**PROVIDED MATERIAL**
(* Let $S$ be a modal left $E$-monoid. Then $S$ is an inductive left $E$-monoid if and only if for all $e,f\in E$ there exists $g\in E$ with $(e\cdot f)e\sim_r g$; in that case $e\wedge f=g$ (the meet in $(E,\le_r)$), and moreover $e\wedge f=e\wedge(e\cdot f)$ for all $e,f\in E$. If $S$ is an inductive left $E$-monoid and $E$ is right reduced, then $e\wedge f=(e\cdot f)e$ for all $e,f\in E$.
   Context: For a semigroup $S$, $E(S)$ is its set of idempotents; for $e,f\in E(S)$, $e\le_r f$ iff $e=ef$, and $e\sim_r f$ iff $e\le_r f$ and $f\le_r e$. $E\subseteq E(S)$ is right pre-reduced if $e=ef$ and $f=fe$ imply $e=f$ for $e,f\in E$; it is right reduced if for all $e,f\in E$, $e=ef$ implies $e=fe$. Let $S$ be a monoid and $1\in E\subseteq E(S)$. $S$ is a modal left $E$-monoid if $E$ is right pre-reduced and (I1') for all $t\in S$, $e\in E$ there is $t\cdot e\in E$ such that for all $s\in S$: $ste=st$ iff $s(t\cdot e)=s$; the (necessarily unique) map $(t,e)\mapsto t\cdot e$ is the left $E$-modal operation. $S$ is an inductive left $E$-monoid if it is a modal left $E$-monoid, $(E,\le_r)$ is a meet-semilattice with meet $\wedge$, and (I2') for $s\in S$, $e,f\in E$: $se=sf=s$ implies $s(e\wedge f)=s$. *)

theory Defs
  imports Main
begin

definition idem :: "'a::monoid_mult \<Rightarrow> bool" where
  "idem e \<longleftrightarrow> e * e = e"

definition le_r :: "'a::monoid_mult \<Rightarrow> 'a \<Rightarrow> bool" where
  "le_r e f \<longleftrightarrow> e = e * f"

definition sim_r :: "'a::monoid_mult \<Rightarrow> 'a \<Rightarrow> bool" where
  "sim_r e f \<longleftrightarrow> le_r e f \<and> le_r f e"

definition right_pre_reduced :: "'a::monoid_mult set \<Rightarrow> bool" where
  "right_pre_reduced E \<longleftrightarrow> (\<forall>e\<in>E. \<forall>f\<in>E. e = e * f \<and> f = f * e \<longrightarrow> e = f)"

definition right_reduced :: "'a::monoid_mult set \<Rightarrow> bool" where
  "right_reduced E \<longleftrightarrow> (\<forall>e\<in>E. \<forall>f\<in>E. e = e * f \<longrightarrow> e = f * e)"

text \<open>Condition (I1') for a candidate value g of t \<cdot> e.\<close>
definition modal_val :: "'a::monoid_mult set \<Rightarrow> 'a \<Rightarrow> 'a \<Rightarrow> 'a \<Rightarrow> bool" where
  "modal_val E t e g \<longleftrightarrow> g \<in> E \<and> (\<forall>s. s * t * e = s * t \<longleftrightarrow> s * g = s)"

definition modal_left_E_monoid :: "'a::monoid_mult set \<Rightarrow> bool" where
  "modal_left_E_monoid E \<longleftrightarrow>
     1 \<in> E \<and> (\<forall>e\<in>E. idem e) \<and> right_pre_reduced E \<and>
     (\<forall>t. \<forall>e\<in>E. \<exists>g. modal_val E t e g)"

definition modal_dot :: "'a::monoid_mult set \<Rightarrow> 'a \<Rightarrow> 'a \<Rightarrow> 'a" where
  "modal_dot E t e = (THE g. modal_val E t e g)"

definition is_meet :: "'a::monoid_mult set \<Rightarrow> 'a \<Rightarrow> 'a \<Rightarrow> 'a \<Rightarrow> bool" where
  "is_meet E e f m \<longleftrightarrow> m \<in> E \<and> le_r m e \<and> le_r m f \<and>
     (\<forall>h\<in>E. le_r h e \<and> le_r h f \<longrightarrow> le_r h m)"

definition meet_r :: "'a::monoid_mult set \<Rightarrow> 'a \<Rightarrow> 'a \<Rightarrow> 'a" where
  "meet_r E e f = (THE m. is_meet E e f m)"

definition meet_semilattice_r :: "'a::monoid_mult set \<Rightarrow> bool" where
  "meet_semilattice_r E \<longleftrightarrow>
     (\<forall>e\<in>E. le_r e e) \<and>
     (\<forall>e\<in>E. \<forall>f\<in>E. \<forall>g\<in>E. le_r e f \<and> le_r f g \<longrightarrow> le_r e g) \<and>
     (\<forall>e\<in>E. \<forall>f\<in>E. le_r e f \<and> le_r f e \<longrightarrow> e = f) \<and>
     (\<forall>e\<in>E. \<forall>f\<in>E. \<exists>m. is_meet E e f m)"

definition inductive_left_E_monoid :: "'a::monoid_mult set \<Rightarrow> bool" where
  "inductive_left_E_monoid E \<longleftrightarrow>
     modal_left_E_monoid E \<and> meet_semilattice_r E \<and>
     (\<forall>s. \<forall>e\<in>E. \<forall>f\<in>E. s * e = s \<and> s * f = s \<longrightarrow> s * meet_r E e f = s)"

end

theory Submission
  imports Defs
begin

text \<open>In the preorder \<open>\<le>\<^sub>r\<close> on all of S, condition (I1') says that \<open>s \<le>\<^sub>r t \<cdot> e\<close> iff
  \<open>s t \<le>\<^sub>r e\<close>. From this, \<open>h = (e \<cdot> f) e\<close> is a greatest lower bound of e and f in S. So e and f
  have a meet in E exactly when some \<open>g \<in> E\<close> is \<open>\<sim>\<^sub>r\<close>-equivalent to h, and then g is that meet;
  (I2') is transitivity of \<open>\<le>\<^sub>r\<close> through h. The meet of e and f is also the meet of e and
  \<open>e \<cdot> f\<close>, since below e, being below f and below \<open>e \<cdot> f\<close> coincide. If E is right reduced,
  the meet m satisfies \<open>e m = m = (e \<cdot> f) m\<close>, whence \<open>h = h m = m\<close>.\<close>

lemma le_r_iff: "le_r e f \<longleftrightarrow> e * f = e"
  unfolding le_r_def by auto

lemma le_r_trans: "le_r e f \<Longrightarrow> le_r f g \<Longrightarrow> le_r e g"
  unfolding le_r_def by (metis mult.assoc)

lemma le_r_mult: "le_r k a \<Longrightarrow> le_r k b \<Longrightarrow> le_r k (a * b)"
  unfolding le_r_def by (metis mult.assoc)

lemma modal_left_E_monoid_le_r_refl:
  "modal_left_E_monoid E \<Longrightarrow> e \<in> E \<Longrightarrow> le_r e e"
  unfolding modal_left_E_monoid_def idem_def le_r_def by auto

lemma modal_left_E_monoid_le_r_antisym:
  "modal_left_E_monoid E \<Longrightarrow> e \<in> E \<Longrightarrow> f \<in> E \<Longrightarrow> le_r e f \<Longrightarrow> le_r f e \<Longrightarrow> e = f"
  unfolding modal_left_E_monoid_def right_pre_reduced_def le_r_def by blast

lemma modal_val_le_r_iff:
  "modal_val E t e g \<Longrightarrow> le_r s g \<longleftrightarrow> le_r (s * t) e"
  unfolding modal_val_def le_r_iff by auto

lemma modal_val_unique:
  assumes M: "modal_left_E_monoid E" and g: "modal_val E t e g" and g': "modal_val E t e g'"
  shows "g = g'"
proof -
  have E: "g \<in> E" "g' \<in> E" using g g' unfolding modal_val_def by auto
  have "le_r g g'" "le_r g' g"
    using modal_val_le_r_iff[OF g] modal_val_le_r_iff[OF g']
      modal_left_E_monoid_le_r_refl[OF M] E by blast+
  then show ?thesis using modal_left_E_monoid_le_r_antisym[OF M] E by blast
qed

lemma modal_val_modal_dot:
  assumes M: "modal_left_E_monoid E" and e: "e \<in> E"
  shows "modal_val E t e (modal_dot E t e)"
proof -
  obtain g where g: "modal_val E t e g" using M e unfolding modal_left_E_monoid_def by blast
  show ?thesis
    unfolding modal_dot_def by (rule theI[where P = "modal_val E t e", OF g modal_val_unique[OF M _ g]])
qed

lemma modal_dot_in:
  "modal_left_E_monoid E \<Longrightarrow> e \<in> E \<Longrightarrow> modal_dot E t e \<in> E"
  using modal_val_modal_dot unfolding modal_val_def by blast

lemma le_r_modal_dot_iff:
  "modal_left_E_monoid E \<Longrightarrow> e \<in> E \<Longrightarrow> le_r s (modal_dot E t e) \<longleftrightarrow> le_r (s * t) e"
  using modal_val_modal_dot modal_val_le_r_iff by blast

lemma le_r_modal_dot_if_lower_bound:
  assumes M: "modal_left_E_monoid E" and f: "f \<in> E" and ke: "le_r k e" and kf: "le_r k f"
  shows "le_r k (modal_dot E e f)"
proof -
  have "k * e = k" using ke by (simp add: le_r_iff)
  then show ?thesis using le_r_modal_dot_iff[OF M f] kf by simp
qed

lemma modal_dot_mult_le_r_left:
  "modal_left_E_monoid E \<Longrightarrow> e \<in> E \<Longrightarrow> le_r (modal_dot E e f * e) e"
  using modal_left_E_monoid_le_r_refl unfolding le_r_def by (metis mult.assoc)

lemma modal_dot_mult_le_r_right:
  assumes M: "modal_left_E_monoid E" and f: "f \<in> E"
  shows "le_r (modal_dot E e f * e) f"
  using le_r_modal_dot_iff[OF M f] modal_left_E_monoid_le_r_refl[OF M modal_dot_in[OF M f]]
  by blast

lemma le_r_modal_dot_mult_if_lower_bound:
  assumes M: "modal_left_E_monoid E" and f: "f \<in> E" and ke: "le_r k e" and kf: "le_r k f"
  shows "le_r k (modal_dot E e f * e)"
  using le_r_mult[OF le_r_modal_dot_if_lower_bound[OF M f ke kf] ke] .

lemma meet_r_eqI:
  assumes M: "modal_left_E_monoid E" and m: "is_meet E e f m"
  shows "meet_r E e f = m"
proof -
  have unique: "m' = m" if m': "is_meet E e f m'" for m'
    using m m' modal_left_E_monoid_le_r_antisym[OF M] unfolding is_meet_def by blast
  show ?thesis unfolding meet_r_def by (rule the_equality[where P = "is_meet E e f", OF m unique])
qed

lemma is_meet_if_sim_r_modal_dot_mult:
  assumes M: "modal_left_E_monoid E" and e: "e \<in> E" and f: "f \<in> E" and g: "g \<in> E"
    and sim: "sim_r (modal_dot E e f * e) g"
  shows "is_meet E e f g"
proof -
  let ?h = "modal_dot E e f * e"
  have gh: "le_r g ?h" and hg: "le_r ?h g" using sim unfolding sim_r_def by blast+
  have "le_r g e" using le_r_trans[OF gh modal_dot_mult_le_r_left[OF M e]] .
  moreover have "le_r g f" using le_r_trans[OF gh modal_dot_mult_le_r_right[OF M f]] .
  moreover have "le_r k g" if "le_r k e" "le_r k f" for k
    using le_r_trans[OF le_r_modal_dot_mult_if_lower_bound[OF M f that] hg] .
  ultimately show ?thesis unfolding is_meet_def using g by blast
qed

lemma meet_semilattice_r_iff_meets_exist:
  assumes M: "modal_left_E_monoid E"
  shows "meet_semilattice_r E \<longleftrightarrow> (\<forall>e\<in>E. \<forall>f\<in>E. \<exists>m. is_meet E e f m)"
proof -
  have "\<forall>e\<in>E. le_r e e" using modal_left_E_monoid_le_r_refl[OF M] by blast
  moreover have "\<forall>e\<in>E. \<forall>f\<in>E. \<forall>g\<in>E. le_r e f \<and> le_r f g \<longrightarrow> le_r e g"
    by (metis le_r_trans)
  moreover have "\<forall>e\<in>E. \<forall>f\<in>E. le_r e f \<and> le_r f e \<longrightarrow> e = f"
    by (auto intro: modal_left_E_monoid_le_r_antisym[OF M])
  ultimately show ?thesis unfolding meet_semilattice_r_def by argo
qed

lemma inductive_left_E_monoid_modal:
  "inductive_left_E_monoid E \<Longrightarrow> modal_left_E_monoid E"
  unfolding inductive_left_E_monoid_def by blast

lemma is_meet_meet_r:
  assumes I: "inductive_left_E_monoid E" and e: "e \<in> E" and f: "f \<in> E"
  shows "is_meet E e f (meet_r E e f)"
proof -
  obtain m where "is_meet E e f m"
    using I e f unfolding inductive_left_E_monoid_def meet_semilattice_r_def by blast
  then show ?thesis using meet_r_eqI[OF inductive_left_E_monoid_modal[OF I]] by simp
qed

lemma le_r_meet_r:
  assumes I: "inductive_left_E_monoid E" and e: "e \<in> E" and f: "f \<in> E"
    and se: "le_r s e" and sf: "le_r s f"
  shows "le_r s (meet_r E e f)"
  using I e f se sf unfolding inductive_left_E_monoid_def le_r_iff by blast

lemma sim_r_modal_dot_mult_meet_r:
  assumes I: "inductive_left_E_monoid E" and e: "e \<in> E" and f: "f \<in> E"
  shows "sim_r (modal_dot E e f * e) (meet_r E e f)"
proof -
  note M = inductive_left_E_monoid_modal[OF I]
  have "le_r (meet_r E e f) (modal_dot E e f * e)"
    using is_meet_meet_r[OF I e f] le_r_modal_dot_mult_if_lower_bound[OF M f]
    unfolding is_meet_def by blast
  moreover have "le_r (modal_dot E e f * e) (meet_r E e f)"
    using le_r_meet_r[OF I e f] modal_dot_mult_le_r_left[OF M e] modal_dot_mult_le_r_right[OF M f]
    by blast
  ultimately show ?thesis unfolding sim_r_def by blast
qed

lemma inductive_left_E_monoid_iff_sim_r_modal_dot_mult:
  assumes M: "modal_left_E_monoid E"
  shows "inductive_left_E_monoid E \<longleftrightarrow>
           (\<forall>e\<in>E. \<forall>f\<in>E. \<exists>g\<in>E. sim_r (modal_dot E e f * e) g)"
proof
  assume "inductive_left_E_monoid E"
  then show "\<forall>e\<in>E. \<forall>f\<in>E. \<exists>g\<in>E. sim_r (modal_dot E e f * e) g"
    using sim_r_modal_dot_mult_meet_r is_meet_meet_r unfolding is_meet_def by blast
next
  assume H: "\<forall>e\<in>E. \<forall>f\<in>E. \<exists>g\<in>E. sim_r (modal_dot E e f * e) g"
  have meets: "\<forall>e\<in>E. \<forall>f\<in>E. \<exists>m. is_meet E e f m"
    using H is_meet_if_sim_r_modal_dot_mult[OF M] by blast
  have "le_r s (meet_r E e f)" if e: "e \<in> E" and f: "f \<in> E" and "le_r s e" "le_r s f"
    for s e f
  proof -
    obtain g where g: "g \<in> E" "sim_r (modal_dot E e f * e) g" using H e f by blast
    have "le_r s (modal_dot E e f * e)"
      using le_r_modal_dot_mult_if_lower_bound[OF M f] that(3,4) .
    then have "le_r s g" using g(2) le_r_trans unfolding sim_r_def by blast
    then show ?thesis
      using meet_r_eqI[OF M is_meet_if_sim_r_modal_dot_mult[OF M e f g]] by simp
  qed
  then show "inductive_left_E_monoid E"
    unfolding inductive_left_E_monoid_def
    using M meet_semilattice_r_iff_meets_exist[OF M] meets by (auto simp: le_r_iff)
qed

lemma meet_r_modal_dot:
  assumes I: "inductive_left_E_monoid E" and e: "e \<in> E" and f: "f \<in> E"
  shows "meet_r E e f = meet_r E e (modal_dot E e f)"
proof -
  note M = inductive_left_E_monoid_modal[OF I]
  have below_f_iff: "le_r k f \<longleftrightarrow> le_r k (modal_dot E e f)" if "le_r k e" for k
    using le_r_modal_dot_iff[OF M f] that by (simp add: le_r_iff)
  have "is_meet E e (modal_dot E e f) (meet_r E e f)"
    using is_meet_meet_r[OF I e f] below_f_iff unfolding is_meet_def by blast
  then show ?thesis using meet_r_eqI[OF M] by simp
qed

lemma meet_r_eq_modal_dot_mult_if_right_reduced:
  assumes I: "inductive_left_E_monoid E" and R: "right_reduced E" and e: "e \<in> E" and f: "f \<in> E"
  shows "meet_r E e f = modal_dot E e f * e"
proof -
  note M = inductive_left_E_monoid_modal[OF I]
  define d where "d = modal_dot E e f"
  define m where "m = meet_r E e f"
  have m: "m \<in> E" "le_r m e" "le_r m f"
    using is_meet_meet_r[OF I e f] unfolding m_def is_meet_def by blast+
  have "le_r m d" unfolding d_def using le_r_modal_dot_if_lower_bound[OF M f m(2,3)] .
  then have "d * m = m" "e * m = m"
    using R m modal_dot_in[OF M f] e unfolding right_reduced_def le_r_def d_def by metis+
  have "d * e = d * e * m"
    using sim_r_modal_dot_mult_meet_r[OF I e f] unfolding sim_r_def le_r_def d_def m_def by blast
  also have "\<dots> = m" using \<open>d * m = m\<close> \<open>e * m = m\<close> by (simp add: mult.assoc)
  finally show ?thesis unfolding d_def m_def by simp
qed

theorem proposition5p7:
  fixes E :: "'a::monoid_mult set"
  assumes "modal_left_E_monoid E"
  shows "(inductive_left_E_monoid E \<longleftrightarrow>
            (\<forall>e\<in>E. \<forall>f\<in>E. \<exists>g\<in>E. sim_r (modal_dot E e f * e) g))
       \<and> (inductive_left_E_monoid E \<longrightarrow>
            (\<forall>e\<in>E. \<forall>f\<in>E. \<forall>g\<in>E. sim_r (modal_dot E e f * e) g \<longrightarrow> meet_r E e f = g)
          \<and> (\<forall>e\<in>E. \<forall>f\<in>E. meet_r E e f = meet_r E e (modal_dot E e f)))
       \<and> (inductive_left_E_monoid E \<and> right_reduced E \<longrightarrow>
            (\<forall>e\<in>E. \<forall>f\<in>E. meet_r E e f = modal_dot E e f * e))"
proof (intro conjI impI)
  show "inductive_left_E_monoid E \<longleftrightarrow>
          (\<forall>e\<in>E. \<forall>f\<in>E. \<exists>g\<in>E. sim_r (modal_dot E e f * e) g)"
    using inductive_left_E_monoid_iff_sim_r_modal_dot_mult[OF assms] .
  show "\<forall>e\<in>E. \<forall>f\<in>E. \<forall>g\<in>E. sim_r (modal_dot E e f * e) g \<longrightarrow> meet_r E e f = g"
    using meet_r_eqI[OF assms] is_meet_if_sim_r_modal_dot_mult[OF assms] by blast
  show "\<forall>e\<in>E. \<forall>f\<in>E. meet_r E e f = meet_r E e (modal_dot E e f)"
    if "inductive_left_E_monoid E"
    using meet_r_modal_dot[OF that] by blast
  show "\<forall>e\<in>E. \<forall>f\<in>E. meet_r E e f = modal_dot E e f * e"
    if "inductive_left_E_monoid E \<and> right_reduced E"
    using meet_r_eq_modal_dot_mult_if_right_reduced that by blast
qed

end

**WHAT YOU NEED TO DO**
Transcribe the opening lines of the listing exactly, please. Stop after the line that contains "f \<longrightarrow> e".

**RESULT**
(* Let $S$ be a modal left $E$-monoid. Then $S$ is an inductive left $E$-monoid if and only if for all $e,f\in E$ there exists $g\in E$ with $(e\cdot f)e\sim_r g$; in that case $e\wedge f=g$ (the meet in $(E,\le_r)$), and moreover $e\wedge f=e\wedge(e\cdot f)$ for all $e,f\in E$. If $S$ is an inductive left $E$-monoid and $E$ is right reduced, then $e\wedge f=(e\cdot f)e$ for all $e,f\in E$.
   Context: For a semigroup $S$, $E(S)$ is its set of idempotents; for $e,f\in E(S)$, $e\le_r f$ iff $e=ef$, and $e\sim_r f$ iff $e\le_r f$ and $f\le_r e$. $E\subseteq E(S)$ is right pre-reduced if $e=ef$ and $f=fe$ imply $e=f$ for $e,f\in E$; it is right reduced if for all $e,f\in E$, $e=ef$ implies $e=fe$. Let $S$ be a monoid and $1\in E\subseteq E(S)$. $S$ is a modal left $E$-monoid if $E$ is right pre-reduced and (I1') for all $t\in S$, $e\in E$ there is $t\cdot e\in E$ such that for all $s\in S$: $ste=st$ iff $s(t\cdot e)=s$; the (necessarily unique) map $(t,e)\mapsto t\cdot e$ is the left $E$-modal operation. $S$ is an inductive left $E$-monoid if it is a modal left $E$-monoid, $(E,\le_r)$ is a meet-semilattice with meet $\wedge$, and (I2') for $s\in S$, $e,f\in E$: $se=sf=s$ implies $s(e\wedge f)=s$. *)

theory Defs
  imports Main
begin

definition idem :: "'a::monoid_mult \<Rightarrow> bool" where
  "idem e \<longleftrightarrow> e * e = e"

definition le_r :: "'a::monoid_mult \<Rightarrow> 'a \<Rightarrow> bool" where
  "le_r e f \<longleftrightarrow> e = e * f"

definition sim_r :: "'a::monoid_mult \<Rightarrow> 'a \<Rightarrow> bool" where
  "sim_r e f \<longleftrightarrow> le_r e f \<and> le_r f e"

definition right_pre_reduced :: "'a::monoid_mult set \<Rightarrow> bool" where
  "right_pre_reduced E \<longleftrightarrow> (\<forall>e\<in>E. \<forall>f\<in>E. e = e * f \<and> f = f * e \<longrightarrow> e = f)"

definition right_reduced :: "'a::monoid_mult set \<Rightarrow> bool" where
  "right_reduced E \<longleftrightarrow> (\<forall>e\<in>E. \<forall>f\<in>E. e = e * f \<longrightarrow> e = f * e)"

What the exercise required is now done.